* _Brief_: From the records below, transcribe exactly the lines that begin at the line with "False) = flip" and end at the line with "(lam * pbias", both included.
=== Begin Enclosure ===
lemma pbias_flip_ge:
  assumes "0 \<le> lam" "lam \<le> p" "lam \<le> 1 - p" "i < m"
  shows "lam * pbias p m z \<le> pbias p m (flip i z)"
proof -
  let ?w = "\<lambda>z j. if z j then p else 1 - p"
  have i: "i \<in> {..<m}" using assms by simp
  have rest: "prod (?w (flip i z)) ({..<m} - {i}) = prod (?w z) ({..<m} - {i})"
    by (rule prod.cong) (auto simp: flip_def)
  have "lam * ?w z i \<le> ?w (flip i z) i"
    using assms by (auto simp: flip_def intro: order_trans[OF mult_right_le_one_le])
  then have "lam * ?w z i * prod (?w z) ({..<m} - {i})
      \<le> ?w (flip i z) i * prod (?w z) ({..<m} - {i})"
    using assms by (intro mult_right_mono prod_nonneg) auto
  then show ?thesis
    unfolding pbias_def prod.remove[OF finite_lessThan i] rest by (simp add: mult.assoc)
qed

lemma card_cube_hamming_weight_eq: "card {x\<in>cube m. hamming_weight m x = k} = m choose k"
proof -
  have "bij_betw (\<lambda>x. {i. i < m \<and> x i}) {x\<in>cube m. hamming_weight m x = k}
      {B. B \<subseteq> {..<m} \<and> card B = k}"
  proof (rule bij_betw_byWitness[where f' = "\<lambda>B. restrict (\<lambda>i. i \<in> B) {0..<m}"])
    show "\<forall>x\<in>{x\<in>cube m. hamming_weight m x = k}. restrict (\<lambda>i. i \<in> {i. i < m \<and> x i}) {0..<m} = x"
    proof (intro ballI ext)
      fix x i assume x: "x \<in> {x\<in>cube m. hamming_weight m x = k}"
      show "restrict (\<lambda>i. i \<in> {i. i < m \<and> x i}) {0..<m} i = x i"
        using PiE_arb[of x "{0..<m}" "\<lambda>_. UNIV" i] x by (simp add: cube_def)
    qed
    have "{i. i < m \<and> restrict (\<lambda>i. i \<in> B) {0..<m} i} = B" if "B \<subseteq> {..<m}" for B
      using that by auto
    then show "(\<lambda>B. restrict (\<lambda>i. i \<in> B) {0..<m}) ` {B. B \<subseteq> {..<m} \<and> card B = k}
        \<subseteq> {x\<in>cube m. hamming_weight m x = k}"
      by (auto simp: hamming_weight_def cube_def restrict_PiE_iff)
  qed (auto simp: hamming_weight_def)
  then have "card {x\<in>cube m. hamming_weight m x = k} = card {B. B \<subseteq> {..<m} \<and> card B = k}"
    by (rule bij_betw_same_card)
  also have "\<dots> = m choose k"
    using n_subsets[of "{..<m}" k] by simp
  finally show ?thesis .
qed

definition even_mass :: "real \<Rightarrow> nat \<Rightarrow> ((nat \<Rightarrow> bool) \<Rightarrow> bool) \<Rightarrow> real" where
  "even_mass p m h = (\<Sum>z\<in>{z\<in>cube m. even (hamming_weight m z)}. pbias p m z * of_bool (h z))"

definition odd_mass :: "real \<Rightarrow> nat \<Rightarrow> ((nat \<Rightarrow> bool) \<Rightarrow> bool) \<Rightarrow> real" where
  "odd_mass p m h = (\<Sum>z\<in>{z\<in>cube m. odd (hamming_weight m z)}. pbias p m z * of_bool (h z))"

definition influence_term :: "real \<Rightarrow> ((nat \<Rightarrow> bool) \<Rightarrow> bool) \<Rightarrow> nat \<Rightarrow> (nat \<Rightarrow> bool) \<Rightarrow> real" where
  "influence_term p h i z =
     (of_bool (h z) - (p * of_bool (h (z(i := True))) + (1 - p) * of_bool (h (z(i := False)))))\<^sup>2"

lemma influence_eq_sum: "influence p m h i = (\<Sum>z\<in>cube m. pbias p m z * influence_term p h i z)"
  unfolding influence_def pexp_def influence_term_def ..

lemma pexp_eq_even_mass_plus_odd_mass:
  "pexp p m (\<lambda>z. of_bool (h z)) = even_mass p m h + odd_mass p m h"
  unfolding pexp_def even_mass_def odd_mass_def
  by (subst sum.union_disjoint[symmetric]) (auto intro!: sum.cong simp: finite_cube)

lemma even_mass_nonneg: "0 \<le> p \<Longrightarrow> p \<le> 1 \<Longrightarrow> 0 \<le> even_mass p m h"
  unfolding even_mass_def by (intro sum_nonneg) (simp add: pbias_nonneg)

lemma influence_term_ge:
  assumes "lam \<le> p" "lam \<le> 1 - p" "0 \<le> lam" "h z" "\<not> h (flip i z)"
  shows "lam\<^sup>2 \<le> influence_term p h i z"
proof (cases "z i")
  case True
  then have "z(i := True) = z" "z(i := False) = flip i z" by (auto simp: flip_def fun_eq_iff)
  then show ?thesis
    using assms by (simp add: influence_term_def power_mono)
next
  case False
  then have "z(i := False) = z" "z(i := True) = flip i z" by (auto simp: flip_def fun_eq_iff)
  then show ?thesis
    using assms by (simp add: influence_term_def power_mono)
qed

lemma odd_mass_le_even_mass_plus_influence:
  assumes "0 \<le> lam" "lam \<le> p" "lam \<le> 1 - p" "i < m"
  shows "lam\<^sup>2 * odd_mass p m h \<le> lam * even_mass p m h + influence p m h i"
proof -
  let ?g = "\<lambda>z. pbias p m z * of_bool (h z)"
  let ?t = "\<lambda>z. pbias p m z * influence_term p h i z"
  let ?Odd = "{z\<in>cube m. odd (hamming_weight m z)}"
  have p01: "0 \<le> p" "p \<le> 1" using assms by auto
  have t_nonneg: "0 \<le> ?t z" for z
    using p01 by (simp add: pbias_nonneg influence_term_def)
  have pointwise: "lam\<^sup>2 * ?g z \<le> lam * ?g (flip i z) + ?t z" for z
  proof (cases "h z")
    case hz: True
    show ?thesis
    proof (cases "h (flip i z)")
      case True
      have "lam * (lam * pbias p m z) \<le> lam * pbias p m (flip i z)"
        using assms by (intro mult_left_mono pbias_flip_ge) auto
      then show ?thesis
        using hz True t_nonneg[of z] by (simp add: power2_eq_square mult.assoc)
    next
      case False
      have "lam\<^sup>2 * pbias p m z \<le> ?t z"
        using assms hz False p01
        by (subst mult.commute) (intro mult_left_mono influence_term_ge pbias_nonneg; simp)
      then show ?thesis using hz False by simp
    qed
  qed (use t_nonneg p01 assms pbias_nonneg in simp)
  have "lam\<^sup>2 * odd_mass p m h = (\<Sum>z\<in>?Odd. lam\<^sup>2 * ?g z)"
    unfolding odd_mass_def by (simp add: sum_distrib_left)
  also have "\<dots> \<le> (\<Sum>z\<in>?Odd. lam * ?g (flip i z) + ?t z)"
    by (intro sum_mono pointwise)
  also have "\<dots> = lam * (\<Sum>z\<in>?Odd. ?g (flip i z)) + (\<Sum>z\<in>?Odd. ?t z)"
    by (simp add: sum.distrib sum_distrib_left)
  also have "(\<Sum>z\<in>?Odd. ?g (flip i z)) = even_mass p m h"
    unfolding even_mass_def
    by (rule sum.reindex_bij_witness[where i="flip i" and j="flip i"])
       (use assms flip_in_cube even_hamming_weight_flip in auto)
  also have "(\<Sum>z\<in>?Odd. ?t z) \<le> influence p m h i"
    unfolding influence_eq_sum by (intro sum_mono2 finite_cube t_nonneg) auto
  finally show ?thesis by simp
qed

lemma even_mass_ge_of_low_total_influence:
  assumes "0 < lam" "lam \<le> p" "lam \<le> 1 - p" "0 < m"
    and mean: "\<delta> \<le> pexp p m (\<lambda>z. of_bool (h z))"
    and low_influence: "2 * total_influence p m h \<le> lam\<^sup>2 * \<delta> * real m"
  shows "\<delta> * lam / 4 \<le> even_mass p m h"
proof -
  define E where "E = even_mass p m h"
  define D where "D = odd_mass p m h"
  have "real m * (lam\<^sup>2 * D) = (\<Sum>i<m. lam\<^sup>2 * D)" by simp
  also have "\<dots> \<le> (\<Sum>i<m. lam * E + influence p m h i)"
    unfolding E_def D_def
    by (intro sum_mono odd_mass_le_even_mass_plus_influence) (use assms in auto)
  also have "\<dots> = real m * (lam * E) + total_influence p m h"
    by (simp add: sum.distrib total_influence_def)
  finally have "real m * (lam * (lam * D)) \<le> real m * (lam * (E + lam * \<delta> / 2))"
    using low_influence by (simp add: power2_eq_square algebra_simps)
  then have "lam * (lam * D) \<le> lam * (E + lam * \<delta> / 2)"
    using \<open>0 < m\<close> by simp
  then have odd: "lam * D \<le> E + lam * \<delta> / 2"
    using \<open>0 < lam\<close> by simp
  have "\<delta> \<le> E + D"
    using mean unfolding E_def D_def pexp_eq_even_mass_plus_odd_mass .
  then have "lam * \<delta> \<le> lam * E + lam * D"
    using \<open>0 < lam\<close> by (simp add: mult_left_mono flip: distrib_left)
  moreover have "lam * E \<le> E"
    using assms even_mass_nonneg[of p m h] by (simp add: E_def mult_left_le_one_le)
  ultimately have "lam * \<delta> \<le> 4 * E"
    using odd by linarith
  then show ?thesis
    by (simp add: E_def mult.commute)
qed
=== End Enclosure ===
* _Response to this exercise_:
  then have "z(i := True) = z" "z(i := False) = flip i z" by (auto simp: flip_def fun_eq_iff)
  then show ?thesis
    using assms by (simp add: influence_term_def power_mono)
next
  case False
  then have "z(i := False) = z" "z(i := True) = flip i z" by (auto simp: flip_def fun_eq_iff)
  then show ?thesis
    using assms by (simp add: influence_term_def power_mono)
qed

lemma odd_mass_le_even_mass_plus_influence:
  assumes "0 \<le> lam" "lam \<le> p" "lam \<le> 1 - p" "i < m"
  shows "lam\<^sup>2 * odd_mass p m h \<le> lam * even_mass p m h + influence p m h i"
proof -
  let ?g = "\<lambda>z. pbias p m z * of_bool (h z)"
  let ?t = "\<lambda>z. pbias p m z * influence_term p h i z"
  let ?Odd = "{z\<in>cube m. odd (hamming_weight m z)}"
  have p01: "0 \<le> p" "p \<le> 1" using assms by auto
  have t_nonneg: "0 \<le> ?t z" for z
    using p01 by (simp add: pbias_nonneg influence_term_def)
  have pointwise: "lam\<^sup>2 * ?g z \<le> lam * ?g (flip i z) + ?t z" for z
  proof (cases "h z")
    case hz: True
    show ?thesis
    proof (cases "h (flip i z)")
      case True
      have "lam * (lam * pbias p m z) \<le> lam * pbias p m (flip i z)"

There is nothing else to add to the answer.